Canada’s First Lady of Musical Theatre
Louise Pitre performs in Necessary Angel’s production of What Makes A Man, a celebration of the work of Charles Aznavour.
October 5th to November 2nd at the Berkeley Street Theatre, 26 Berkeley Street, Toronto.
Tickets $30 – $49 To book tickets please Click Here
Necessary Angel’s Carys Lewis discusses the work of Charles Aznavour with Louise…
Louise Pitre, Canada’s first lady of musical theatre, needs little introduction. Her illustrious career spans over thirty years on stages across North America and Europe. I was lucky enough to chat with Ms. Pitre about her experience working on Necessary Angel’s upcoming production of What Makes A Man…
What did you know of Charles Aznavour before starting this project?
I grew up in Montreal, I’m French Canadian, so I’ve known Charles Aznavour all my life. I’ve seen him in concert many times and I’ve listened to him since I was a kid.

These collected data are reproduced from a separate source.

(* Let $\alpha\ge0$, $\beta\ge0$, $\gamma<0$, $\omega^2=1$, $c,a\in\mathbb{R}$ with $ca>0$, $N\ge2$, and $r>0$. Consider $$\dot{x}_i=y_i+\frac{ca}{N}\sum_{j=1}^N(x_j-x_i),\qquad \dot{y}_i=-(\alpha x_i^2+\beta y_i^2-\gamma)y_i-\omega^2x_i+\frac{ca}{N}\sum_{j=1}^N(y_j-y_i),\quad i=1,\dots,N.$$ Suppose one of the following holds: (1) $\alpha=0$ and $3\beta r^2>\gamma-ca$; (2) $\alpha\neq0$, $\alpha>3\beta$, $r^2\le\frac{ca\alpha-3ca\beta}{\alpha^2}$, and $3\beta r^2>\gamma-ca$; (3) $\alpha\neq0$, $\alpha<3\beta$, $r^2\le\frac{3ca\beta-ca\alpha}{\alpha^2}$, and $\alpha r^2>\gamma-ca$; (4) $3ca\alpha\beta+\alpha^2(ca-\gamma)>0$, $r^2\ge\max\{\frac{ca\alpha-3ca\beta}{\alpha^2},\frac{3ca\beta-ca\alpha}{\alpha^2}\}$, and $\frac{ca\alpha+3ca\beta-2\sqrt{3c^2a^2\alpha\beta+\alpha^2ca(ca-\gamma)}}{\alpha^2}<r^2<\frac{ca\alpha+3ca\beta+2\sqrt{3c^2a^2\alpha\beta+\alpha^2ca(ca-\gamma)}}{\alpha^2}$. If $x_i(0)^2+y_i(0)^2\le r^2$ for all $i=1,\dots,N$, then $|x_i(t)-x_j(t)|+|y_i(t)-y_j(t)|\to0$ exponentially as $t\to\infty$ for all $i,j$ (complete synchronization). *)

theory Defs
  imports "HOL-Analysis.Analysis"
begin

definition coupled_solution ::
  "real \<Rightarrow> real \<Rightarrow> real \<Rightarrow> real \<Rightarrow> real \<Rightarrow> real \<Rightarrow> nat \<Rightarrow>
   (real \<Rightarrow> nat \<Rightarrow> real) \<Rightarrow> (real \<Rightarrow> nat \<Rightarrow> real) \<Rightarrow> bool" where
  "coupled_solution \<alpha> \<beta> \<gamma> \<omega> c a N x y \<longleftrightarrow>
     (\<forall>i<N. \<forall>t\<ge>0.
        ((\<lambda>s. x s i) has_real_derivative
            (y t i + (c * a / real N) * (\<Sum>j<N. x t j - x t i))) (at t within {0..}) \<and>
        ((\<lambda>s. y s i) has_real_derivative
            (- (\<alpha> * (x t i)^2 + \<beta> * (y t i)^2 - \<gamma>) * y t i - \<omega>^2 * x t i
             + (c * a / real N) * (\<Sum>j<N. y t j - y t i))) (at t within {0..}))"

end

theory Submission
  imports Defs
begin

text \<open>
  Each oscillator's energy \<open>x\<^sub>i\<^sup>2 + y\<^sub>i\<^sup>2\<close> is dissipated by the damping and pulled by the
  coupling towards the energies of the others, so \<open>\<Sum>\<^sub>i max (x\<^sub>i\<^sup>2 + y\<^sub>i\<^sup>2 - r\<^sup>2) 0\<^sup>2\<close>
  is nonincreasing and the disk of radius \<open>r\<close> is invariant.
  For two oscillators the mean value theorem evaluates the difference of their damping terms
  at a point \<open>(X, Y)\<close> of that disk, so their squared distance \<open>D = u\<^sup>2 + v\<^sup>2\<close> (with \<open>u\<close>, \<open>v\<close>
  the differences of the coordinates) satisfies \<open>D' = -2 q(u, v)\<close>
  for a quadratic form \<open>q\<close> of trace at most \<open>2ca + (\<alpha> + 3\<beta>) r\<^sup>2 - \<gamma>\<close> and determinant
  \<open>sync_det \<alpha> \<beta> \<gamma> (c * a) (X\<^sup>2) (Y\<^sup>2)\<close>. The conditions on \<open>r\<close> are what makes this determinant
  bounded below by some \<open>m > 0\<close> on the disk; then \<open>q \<ge> \<kappa> (u\<^sup>2 + v\<^sup>2)\<close> with
  \<open>\<kappa> = m / trace\<close>, and \<open>D\<close> decays like \<open>exp (-2 \<kappa> t)\<close>.
\<close>

lemma nonincreasing_on_halfline:
  fixes f f' :: "real \<Rightarrow> real"
  assumes "\<And>t. t \<ge> 0 \<Longrightarrow> (f has_real_derivative f' t) (at t within {0..})"
    and "\<And>t. t \<ge> 0 \<Longrightarrow> f' t \<le> 0" and "t \<ge> 0"
  shows "f t \<le> f 0"
proof (rule DERIV_nonpos_imp_decreasing_open[OF \<open>t \<ge> 0\<close>])
  fix s assume s: "0 < s" "s < t"
  have "at s within {0..} = at s"
    by (rule at_within_interior) (use s in auto)
  then show "\<exists>y. DERIV f s :> y \<and> y \<le> 0" using assms(1,2)[of s] s by auto
next
  show "continuous_on {0..t} f"
    by (rule DERIV_continuous_on[where D=f'])
       (rule has_field_derivative_subset[OF assms(1)], auto)
qed

lemma exp_decay_of_deriv_le:
  fixes f f' :: "real \<Rightarrow> real"
  assumes deriv: "\<And>t. t \<ge> 0 \<Longrightarrow> (f has_real_derivative f' t) (at t within {0..})"
    and decay: "\<And>t. t \<ge> 0 \<Longrightarrow> f' t \<le> - K * f t" and "t \<ge> 0"
  shows "f t \<le> f 0 * exp (- K * t)"
proof -
  have "f t * exp (K * t) \<le> f 0 * exp (K * 0)"
  proof (rule nonincreasing_on_halfline[where f = "\<lambda>t. f t * exp (K * t)"])
    fix s :: real assume "s \<ge> 0"
    show "((\<lambda>t. f t * exp (K * t)) has_real_derivative (f' s + K * f s) * exp (K * s))
            (at s within {0..})"
      by (auto intro!: derivative_eq_intros deriv[OF \<open>s \<ge> 0\<close>] simp: algebra_simps)
    show "(f' s + K * f s) * exp (K * s) \<le> 0"
      using decay[OF \<open>s \<ge> 0\<close>] by (simp add: mult_nonpos_nonneg)
  qed fact
  then show ?thesis
    by (simp add: exp_minus field_simps)
qed

definition pos_sq :: "real \<Rightarrow> real" where
  "pos_sq z = (max z 0)^2"

lemma has_real_derivative_pos_sq: "(pos_sq has_real_derivative 2 * max z 0) (at z)"
proof -
  consider "z > 0" | "z < 0" | "z = 0" by linarith
  then show ?thesis
  proof cases
    case 1
    have "((\<lambda>w. w^2) has_real_derivative 2 * max z 0) (at z)"
      using 1 by (auto intro!: derivative_eq_intros)
    then show ?thesis
      by (rule has_field_derivative_transform_within_open[where S="{0<..}"])
         (use 1 in \<open>auto simp: pos_sq_def\<close>)
  next
    case 2
    have "((\<lambda>w. 0) has_real_derivative 2 * max z 0) (at z)"
      using 2 by (auto intro!: derivative_eq_intros)
    then show ?thesis
      by (rule has_field_derivative_transform_within_open[where S="{..<0}"])
         (use 2 in \<open>auto simp: pos_sq_def\<close>)
  next
    case 3
    have "((\<lambda>h::real. max h 0) \<longlongrightarrow> 0) (at 0)"
      using tendsto_max[OF tendsto_ident_at[of "0::real" UNIV] tendsto_const[of "0::real"]] by simp
    moreover have "\<forall>\<^sub>F h in at 0. max h 0 = (pos_sq (0 + h) - pos_sq 0) / h"
      unfolding eventually_at_filter by (auto simp: pos_sq_def power2_eq_square max_def)
    ultimately have "((\<lambda>h. (pos_sq (0 + h) - pos_sq 0) / h) \<longlongrightarrow> 0) (at 0)"
      using tendsto_cong by fastforce
    then show ?thesis using 3 by (simp add: DERIV_def)
  qed
qed

lemma abs_add_abs_le_of_sq_le_exp:
  fixes u v D K t :: real
  assumes "u^2 + v^2 \<le> D * exp (- 2 * K * t)"
  shows "\<bar>u\<bar> + \<bar>v\<bar> \<le> sqrt (2 * D) * exp (- K * t)"
proof -
  have "0 \<le> u^2 + v^2" by simp
  then have "D \<ge> 0"
    using assms by (smt (verit) exp_gt_zero zero_le_mult_iff)
  have "(\<bar>u\<bar> + \<bar>v\<bar>)^2 = 2 * (u^2 + v^2) - (\<bar>u\<bar> - \<bar>v\<bar>)^2"
    by (simp add: power2_eq_square algebra_simps)
  also have "\<dots> \<le> 2 * (D * exp (- 2 * K * t))"
    using assms by (smt (verit) zero_le_power2)
  also have "exp (- 2 * K * t) = exp (- K * t)^2"
    by (simp add: power2_eq_square flip: exp_add)
  also have "2 * (D * exp (- K * t)^2) = (sqrt (2 * D) * exp (- K * t))^2"
    using \<open>D \<ge> 0\<close> by (simp add: power_mult_distrib)
  finally show ?thesis
    by (rule power2_le_imp_le) (use \<open>D \<ge> 0\<close> in simp)
qed

lemma sum_pos_part_mult_laplacian_nonpos:
  fixes z :: "nat \<Rightarrow> real"
  shows "(\<Sum>i<N. max (z i) 0 * (\<Sum>j<N. z j - z i)) \<le> 0"
proof -
  define w where "w i = max (z i) 0" for i
  have "(\<Sum>i<N. w i * (\<Sum>j<N. z j - z i)) = (\<Sum>i<N. \<Sum>j<N. w i * z j - w i * z i)"
    by (simp add: sum_distrib_left right_diff_distrib)
  also have "\<dots> \<le> (\<Sum>i<N. \<Sum>j<N. w i * w j - w i * w i)"
  proof (intro sum_mono)
    fix i j
    have "w i * z j \<le> w i * w j" by (rule mult_left_mono) (auto simp: w_def)
    moreover have "w i * z i = w i * w i" by (simp add: w_def max_def)
    ultimately show "w i * z j - w i * z i \<le> w i * w j - w i * w i" by linarith
  qed
  also have "\<dots> = - (1/2) * (\<Sum>i<N. \<Sum>j<N. (w i - w j)^2)"
  proof -
    have "(\<Sum>i<N. \<Sum>j<N. w j * w j) = (\<Sum>i<N. \<Sum>j<N. w i * w i)"
      by (rule sum.swap)
    moreover have "(\<Sum>i<N. \<Sum>j<N. (w i - w j)^2) = (\<Sum>i<N. \<Sum>j<N. w i * w i)
        + (\<Sum>i<N. \<Sum>j<N. w j * w j) - 2 * (\<Sum>i<N. \<Sum>j<N. w i * w j)"
      by (simp add: power2_eq_square algebra_simps sum.distrib sum_subtractf sum_distrib_left)
    moreover have "(\<Sum>i<N. \<Sum>j<N. w i * w j - w i * w i)
        = (\<Sum>i<N. \<Sum>j<N. w i * w j) - (\<Sum>i<N. \<Sum>j<N. w i * w i)"
      by (simp only: sum_subtractf)
    ultimately show ?thesis by linarith
  qed
  also have "\<dots> \<le> 0" by (simp add: sum_nonneg)
  finally show ?thesis by (simp add: w_def)
qed
(* Let $E$ be a complex Banach lattice and let $A: E \supseteq D(A) \to E$ be a densely defined, closed, real linear operator. Let $u \in E_+$, let $\varphi \in E'_+$ be strictly positive, and assume $D(A)\subseteq E_u$ and $D(A')\subseteq (E')_\varphi$. Let $\mu_0$ be a real number in $\rho(A)$. (a) $R(\mu_0,A)\succeq -u\otimes\varphi$ if and only if $R(\mu,A)\succeq -u\otimes\varphi$ for all real $\mu\in\rho(A)$. (b) $R(\mu_0,A)\preceq u\otimes\varphi$ if and only if $R(\mu,A)\preceq u\otimes\varphi$ for all real $\mu\in\rho(A)$.
   Context: $E_{\mathbb{R}}$ denotes the real part of $E$. A linear operator $A$ is real if $D(A) = (D(A)\cap E_{\mathbb{R}}) + i(D(A)\cap E_{\mathbb{R}})$ and $A$ maps $D(A)\cap E_{\mathbb{R}}$ into $E_{\mathbb{R}}$. $R(\mu,A) = (\mu - A)^{-1}$. For bounded real operators, $T\succeq S$ (equivalently $S\preceq T$) means $T - cS$ maps $E_+$ into $E_+$ for some $c>0$. $u\otimes\varphi$ is $f\mapsto\langle\varphi,f\rangle u$. $\varphi$ strictly positive: $\langle\varphi,f\rangle>0$ for all $0\ne f\in E_+$. $E_u = \{x : |x|\le cu \text{ for some } c\ge0\}$; $(E')_\varphi = \{x'\in E' : |x'|\le c\varphi \text{ for some } c\ge 0\}$. *)

theory Defs
  imports "HOL-Analysis.Analysis"
begin

class banach_lattice = banach + ordered_real_vector + lattice +
  assumes lattice_norm: "sup x (- x) \<le> sup y (- y) \<Longrightarrow> norm x \<le> norm y"

text \<open>The complex Banach lattice E is the complexification of the real Banach lattice
  E_R = 'a; an element x + i y is represented by the pair (x, y).  The topology of E is
  the product topology (equivalent to the complex lattice norm topology).\<close>

definition cscale :: "complex \<Rightarrow> 'a::real_vector \<times> 'a \<Rightarrow> 'a \<times> 'a" where
  "cscale c x = (Re c *\<^sub>R fst x - Im c *\<^sub>R snd x, Re c *\<^sub>R snd x + Im c *\<^sub>R fst x)"

definition realpart :: "('a::banach_lattice \<times> 'a) set" where
  "realpart = {(y, 0) | y. True}"

definition poscone :: "('a::banach_lattice \<times> 'a) set" where
  "poscone = {(y, 0) | y. 0 \<le> y}"

definition lmod :: "'a::banach_lattice \<times> 'a \<Rightarrow> 'a" where
  "lmod x = (THE m. (\<forall>t::real. cos t *\<^sub>R fst x + sin t *\<^sub>R snd x \<le> m) \<and>
                    (\<forall>m'. (\<forall>t::real. cos t *\<^sub>R fst x + sin t *\<^sub>R snd x \<le> m') \<longrightarrow> m \<le> m'))"

definition pideal :: "'a::banach_lattice \<Rightarrow> ('a \<times> 'a) set" where
  "pideal u = {x. \<exists>c\<ge>0. lmod x \<le> c *\<^sub>R u}"

definition lin_op :: "('a::banach_lattice \<times> 'a) set \<Rightarrow> ('a \<times> 'a \<Rightarrow> 'a \<times> 'a) \<Rightarrow> bool" where
  "lin_op D A \<longleftrightarrow> 0 \<in> D \<and>
     (\<forall>x\<in>D. \<forall>y\<in>D. x + y \<in> D \<and> A (x + y) = A x + A y) \<and>
     (\<forall>c x. x \<in> D \<longrightarrow> cscale c x \<in> D \<and> A (cscale c x) = cscale c (A x))"

definition densely_defined :: "('a::banach_lattice \<times> 'a) set \<Rightarrow> bool" where
  "densely_defined D \<longleftrightarrow> closure D = UNIV"

definition closed_op :: "('a::banach_lattice \<times> 'a) set \<Rightarrow> ('a \<times> 'a \<Rightarrow> 'a \<times> 'a) \<Rightarrow> bool" where
  "closed_op D A \<longleftrightarrow> closed {(x, A x) | x. x \<in> D}"

definition real_op :: "('a::banach_lattice \<times> 'a) set \<Rightarrow> ('a \<times> 'a \<Rightarrow> 'a \<times> 'a) \<Rightarrow> bool" where
  "real_op D A \<longleftrightarrow>
     D = {p + cscale \<i> q | p q. p \<in> D \<inter> realpart \<and> q \<in> D \<inter> realpart} \<and>
     (\<forall>x \<in> D \<inter> realpart. A x \<in> realpart)"

definition resolvent :: "complex \<Rightarrow> ('a::banach_lattice \<times> 'a) set \<Rightarrow> ('a \<times> 'a \<Rightarrow> 'a \<times> 'a)
    \<Rightarrow> 'a \<times> 'a \<Rightarrow> 'a \<times> 'a" where
  "resolvent \<mu> D A y = (THE x. x \<in> D \<and> cscale \<mu> x - A x = y)"

definition resolvent_set :: "('a::banach_lattice \<times> 'a) set \<Rightarrow> ('a \<times> 'a \<Rightarrow> 'a \<times> 'a) \<Rightarrow> complex set" where
  "resolvent_set D A = {\<mu>. bij_betw (\<lambda>x. cscale \<mu> x - A x) D UNIV \<and>
      (\<exists>K. \<forall>y. norm (resolvent \<mu> D A y) \<le> K * norm y)}"

definition cdual :: "('a::banach_lattice \<times> 'a \<Rightarrow> complex) set" where
  "cdual = {f. continuous_on UNIV f \<and> (\<forall>x y. f (x + y) = f x + f y) \<and>
                (\<forall>c x. f (cscale c x) = c * f x)}"

definition adj_dom :: "('a::banach_lattice \<times> 'a) set \<Rightarrow> ('a \<times> 'a \<Rightarrow> 'a \<times> 'a)
    \<Rightarrow> ('a \<times> 'a \<Rightarrow> complex) set" where
  "adj_dom D A = {f \<in> cdual. \<exists>g \<in> cdual. \<forall>x \<in> D. f (A x) = g x}"

definition pos_functional :: "('a::banach_lattice \<times> 'a \<Rightarrow> complex) \<Rightarrow> bool" where
  "pos_functional f \<longleftrightarrow> f \<in> cdual \<and> (\<forall>x \<in> poscone. Im (f x) = 0 \<and> Re (f x) \<ge> 0)"

definition strictly_pos :: "('a::banach_lattice \<times> 'a \<Rightarrow> complex) \<Rightarrow> bool" where
  "strictly_pos f \<longleftrightarrow> (\<forall>x \<in> poscone. x \<noteq> 0 \<longrightarrow> Im (f x) = 0 \<and> Re (f x) > 0)"

text \<open>Modulus of a functional f in E', evaluated at x \<in> E_+ (Riesz-Kantorovich):
  |f|(x) = sup {|f(w)| : |w| \<le> x}.\<close>
definition dmod :: "('a::banach_lattice \<times> 'a \<Rightarrow> complex) \<Rightarrow> 'a \<Rightarrow> real" where
  "dmod f x = Sup {cmod (f w) | w. lmod w \<le> x}"

definition dual_pideal :: "('a::banach_lattice \<times> 'a \<Rightarrow> complex) \<Rightarrow> ('a \<times> 'a \<Rightarrow> complex) set" where
  "dual_pideal \<phi> = {f \<in> cdual. \<exists>c\<ge>0. \<forall>x. 0 \<le> x \<longrightarrow> dmod f x \<le> c * Re (\<phi> (x, 0))}"

definition tensor :: "'a::banach_lattice \<Rightarrow> ('a \<times> 'a \<Rightarrow> complex) \<Rightarrow> 'a \<times> 'a \<Rightarrow> 'a \<times> 'a" where
  "tensor u \<phi> x = cscale (\<phi> x) (u, 0)"

definition op_succeq :: "('a::banach_lattice \<times> 'a \<Rightarrow> 'a \<times> 'a) \<Rightarrow> ('a \<times> 'a \<Rightarrow> 'a \<times> 'a) \<Rightarrow> bool" where
  "op_succeq T S \<longleftrightarrow> (\<exists>c::real>0. \<forall>x \<in> poscone. T x - c *\<^sub>R S x \<in> poscone)"

end

theory Submission
  imports Defs "HOL-Library.Lattice_Algebras"
begin

text \<open>For real \<open>\<mu>, \<nu> \<in> \<rho>(A)\<close> the resolvent identity reads
  \<open>R(\<nu>) = R(\<mu>) + (\<mu> - \<nu>) R(\<nu>) R(\<mu>)\<close>. The domain hypotheses make the last product
  dominated on \<open>E\<^sub>+\<close> by a multiple of \<open>u \<otimes> \<phi>\<close>: \<open>R(\<nu>)\<close> maps \<open>E\<close> into
  \<open>D(A) \<subseteq> E\<^sub>u\<close>, so a Baire category argument gives \<open>|R(\<nu>) g| \<le> C \<parallel>g\<parallel> u\<close>;
  and \<open>R(\<mu>)'\<close> maps \<open>E'\<close> into \<open>D(A') \<subseteq> (E')\<^sub>\<phi>\<close>, so Baire category on \<open>E'\<close>
  together with Hahn--Banach gives \<open>\<parallel>R(\<mu>) f\<parallel> \<le> C' \<phi>(f)\<close> for \<open>f \<ge> 0\<close>. Hence a
  one-sided bound \<open>\<plusminus>R(\<mu>) f \<le> c \<phi>(f) u\<close> on \<open>E\<^sub>+\<close> passes to \<open>R(\<nu>)\<close> with
  constant \<open>c + |\<mu> - \<nu>| C C'\<close>.\<close>

subclass (in banach_lattice) lattice_ab_group_add ..

definition labs :: "'a::banach_lattice \<Rightarrow> 'a" where
  "labs x = sup x (- x)"

lemma labs_le_iff: "labs x \<le> y \<longleftrightarrow> x \<le> y \<and> - x \<le> y" for x :: "'a::banach_lattice"
  unfolding labs_def by simp

lemma labs_ge_self: "x \<le> labs x"
  and labs_ge_minus: "- x \<le> labs x"
  for x :: "'a::banach_lattice"
  unfolding labs_def by simp_all

lemma labs_nonneg: "0 \<le> labs x" for x :: "'a::banach_lattice"
proof -
  have "x + - x \<le> labs x + labs x" by (rule add_mono[OF labs_ge_self labs_ge_minus])
  then show ?thesis by simp
qed

lemma labs_of_nonneg: "0 \<le> x \<Longrightarrow> labs x = x" for x :: "'a::banach_lattice"
  unfolding labs_def by (rule sup_absorb1) (meson neg_le_0_iff_le order_trans)

lemma labs_minus: "labs (- x) = labs x" for x :: "'a::banach_lattice"
  unfolding labs_def by (simp add: sup_commute)

lemma labs_zero [simp]: "labs (0 :: 'a::banach_lattice) = 0"
  by (simp add: labs_of_nonneg)

lemma labs_triangle: "labs (x + y) \<le> labs x + labs y" for x y :: "'a::banach_lattice"
  unfolding labs_le_iff
proof
  show "x + y \<le> labs x + labs y" by (intro add_mono labs_ge_self)
  have "- x + - y \<le> labs x + labs y" by (intro add_mono labs_ge_minus)
  then show "- (x + y) \<le> labs x + labs y" by (simp add: add.commute)
qed

lemma scaleR_sup_distrib: "0 < c \<Longrightarrow> c *\<^sub>R sup x y = sup (c *\<^sub>R x) (c *\<^sub>R y)"
  for x y :: "'a::banach_lattice"
proof (rule antisym)
  assume c: "0 < c"
  then show "sup (c *\<^sub>R x) (c *\<^sub>R y) \<le> c *\<^sub>R sup x y"
    by (auto intro!: scaleR_left_mono)
  have "z \<le> (1 / c) *\<^sub>R sup (c *\<^sub>R x) (c *\<^sub>R y)" if "z \<in> {x, y}" for z
  proof -
    have "(1 / c) *\<^sub>R (c *\<^sub>R z) \<le> (1 / c) *\<^sub>R sup (c *\<^sub>R x) (c *\<^sub>R y)"
      using c that by (intro scaleR_left_mono) auto
    then show ?thesis using c by simp
  qed
  then have "c *\<^sub>R sup x y \<le> c *\<^sub>R ((1 / c) *\<^sub>R sup (c *\<^sub>R x) (c *\<^sub>R y))"
    using c by (intro scaleR_left_mono) auto
  then show "c *\<^sub>R sup x y \<le> sup (c *\<^sub>R x) (c *\<^sub>R y)" using c by simp
qed

lemma labs_scaleR: "labs (c *\<^sub>R x) = \<bar>c\<bar> *\<^sub>R labs x" for x :: "'a::banach_lattice"
proof (cases c "0 :: real" rule: linorder_cases)
  case less
  have "labs (c *\<^sub>R x) = labs ((- c) *\<^sub>R x)" by (metis labs_minus scaleR_minus_left)
  also have "\<dots> = (- c) *\<^sub>R labs x"
    using less scaleR_sup_distrib[of "- c" x "- x"] unfolding labs_def by simp
  finally show ?thesis using less by simp
qed (simp_all add: labs_def scaleR_sup_distrib)

lemma scaleR_le_labs: "c *\<^sub>R x \<le> \<bar>c\<bar> *\<^sub>R labs x" for x :: "'a::banach_lattice"
  by (metis labs_ge_self labs_scaleR)

lemma labs_sup_diff_le: "labs (sup x z - sup y z) \<le> labs (x - y)" for x y z :: "'a::banach_lattice"
proof -
  have le: "sup x z - sup y z \<le> labs (x - y)" for x y :: 'a
  proof -
    have "x \<le> y + labs (x - y)"
      using add_left_mono[OF labs_ge_self[of "x - y"], of y] by simp
    moreover have "z \<le> z + labs (x - y)"
      using labs_nonneg[of "x - y"] by simp
    ultimately have "sup x z \<le> sup (y + labs (x - y)) (z + labs (x - y))"
      by (rule sup_mono)
    also have "\<dots> = sup y z + labs (x - y)" by (simp add: add_sup_distrib_right)
    finally show ?thesis by (metis add.commute diff_le_eq)
  qed
  have "labs (y - x) = labs (x - y)" by (metis labs_minus minus_diff_eq)
  moreover have "- (sup x z - sup y z) = sup y z - sup x z" by (rule minus_diff_eq)
  ultimately show ?thesis
    unfolding labs_le_iff using le[of x y] le[of y x] by metis
qed

lemma norm_mono_labs: "labs x \<le> labs y \<Longrightarrow> norm x \<le> norm y" for x y :: "'a::banach_lattice"
  unfolding labs_def by (rule lattice_norm)

lemma norm_le_if_labs_le: "labs x \<le> y \<Longrightarrow> norm x \<le> norm y" for x y :: "'a::banach_lattice"
  by (metis labs_nonneg labs_of_nonneg norm_mono_labs order_trans)

lemma closed_nonneg: "closed {x :: 'a::banach_lattice. 0 \<le> x}"
proof -
  let ?h = "\<lambda>x :: 'a. sup (- x) 0"
  have "1-lipschitz_on UNIV ?h"
  proof (rule lipschitz_onI)
    fix x y :: 'a
    have "labs (?h x - ?h y) \<le> labs (- x - - y)" by (rule labs_sup_diff_le)
    then have "norm (?h x - ?h y) \<le> norm (- x - - y)"
      by (rule norm_mono_labs)
    then show "dist (?h x) (?h y) \<le> 1 * dist x y"
      by (simp add: dist_norm norm_minus_commute)
  qed simp
  then have "closed {x. ?h x = 0}"
    by (intro closed_Collect_eq lipschitz_on_continuous_on continuous_on_const)
  also have "{x. ?h x = 0} = {x. 0 \<le> x}"
    by (auto simp: sup_absorb2 neg_le_0_iff_le) (metis sup_ge1 neg_le_0_iff_le)
  finally show ?thesis .
qed

lemma closed_Collect_le_lattice:
  assumes "continuous_on UNIV f" "continuous_on UNIV g"
  shows "closed {x. f x \<le> (g x :: 'a::banach_lattice)}"
proof -
  have "closed ((\<lambda>x. g x - f x) -` {x. 0 \<le> x})"
    using assms by (intro closed_vimage closed_nonneg continuous_intros)
  then show ?thesis by (simp add: le_diff_eq)
qed

lemma ex_pos_bound_iff:
  fixes x v :: "'i \<Rightarrow> 'a::ordered_real_vector"
  assumes "\<And>i. i \<in> I \<Longrightarrow> 0 \<le> v i"
  shows "(\<exists>C>0. \<forall>i\<in>I. x i \<le> C *\<^sub>R v i) \<longleftrightarrow> (\<exists>C. \<forall>i\<in>I. x i \<le> C *\<^sub>R v i)"
proof
  assume "\<exists>C. \<forall>i\<in>I. x i \<le> C *\<^sub>R v i"
  then obtain C where C: "\<And>i. i \<in> I \<Longrightarrow> x i \<le> C *\<^sub>R v i" by blast
  have "x i \<le> max C 1 *\<^sub>R v i" if "i \<in> I" for i
    using C[OF that] scaleR_right_mono[OF max.cobounded1 assms[OF that]] by (rule order_trans)
  then show "\<exists>C>0. \<forall>i\<in>I. x i \<le> C *\<^sub>R v i" by (intro exI[of _ "max C 1"]) auto
qed blast

lemma ex_pos_scale_le_iff:
  fixes x v :: "'i \<Rightarrow> 'a::ordered_real_vector"
  assumes "\<And>i. i \<in> I \<Longrightarrow> 0 \<le> v i"
  shows "(\<exists>c>0. \<forall>i\<in>I. c *\<^sub>R x i \<le> v i) \<longleftrightarrow> (\<exists>C. \<forall>i\<in>I. x i \<le> C *\<^sub>R v i)"
proof -
  have "c *\<^sub>R x i \<le> v i \<longleftrightarrow> x i \<le> inverse c *\<^sub>R v i" if "0 < c" for c i
    by (rule pos_le_divideR_eq[OF that, symmetric])
  then have "(\<exists>c>0. \<forall>i\<in>I. c *\<^sub>R x i \<le> v i) \<longleftrightarrow> (\<exists>C>0. \<forall>i\<in>I. x i \<le> C *\<^sub>R v i)"
    by (metis inverse_inverse_eq positive_imp_inverse_positive)
  also have "\<dots> \<longleftrightarrow> (\<exists>C. \<forall>i\<in>I. x i \<le> C *\<^sub>R v i)"
    using assms by (rule ex_pos_bound_iff)
  finally show ?thesis .
qed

What do you most enjoy about working on his music?
I think he is one of the most brilliant songwriters ever. His lyrics are unlike anyone’s. The only other person I would put on the same kind of podium is Jacques Brel. Their songs are similar to me in that their lyrics are every bit as strong as the music. His music is terrific, Aznavour’s, and maybe a little poppier sometimes. But, oh his lyrics! Every song is a character study and a story, you feel like you know that person at the end of the song. That’s what I love about Aznavour.
What are the challenges of adapting and interpreting Aznavour’s complex lyrics?
I’ll be honest; it’s very difficult to sing these songs in English. Some of the (English) translations are better than others. I find so often knowing what the French words are is difficult. At the same time you are singing for an English audience, you want them to know what it is you’re talking about. It’s important. I’m very familiar with some of the songs I’m singing. Now, it’s not Charles Aznavour singing these songs. I’m going to impose certain things on the song because I’m giving it from my characters point of view. It makes a big difference on how you are going to sing the song. It affects the meaning and your relationship to it. It’s like taking a song you know, and always thought you knew, and tweaking it slightly.
What can you tell me about the character you are developing in the show?
Jennifer (Tarver) is calling my character ‘The Survivor’. I’m the one who has gone through all the shit! The one who has had the dream, but who sees the dream chipped away and has never been able to let it go. (In the song) Take Me Along, I just want to get the hell out of this place I am in, but I give up at the end of the song. And in A Young Girl, it’s about back when I was full of hope and love, but had that chipped away too. I tired to get out, but love consumed me. Once again I don’t get to escape. I’m the more embittered and realistic…the other two characters in the piece are younger and more hopeful. But we’re all a part of what ‘the man’ has become.
Do you have any favorite songs from Aznavour’s body of work?
I love Two Guitars. I wasn’t that familiar with the song coming into rehearsal. But before coming to rehearsal, I must admit that my favorite song was I Drink. I mistakenly thought I was signings that song and I was so excited about it! ‘Cause that’s one of those seriously bitter songs…it’s fantastic. It’s killer.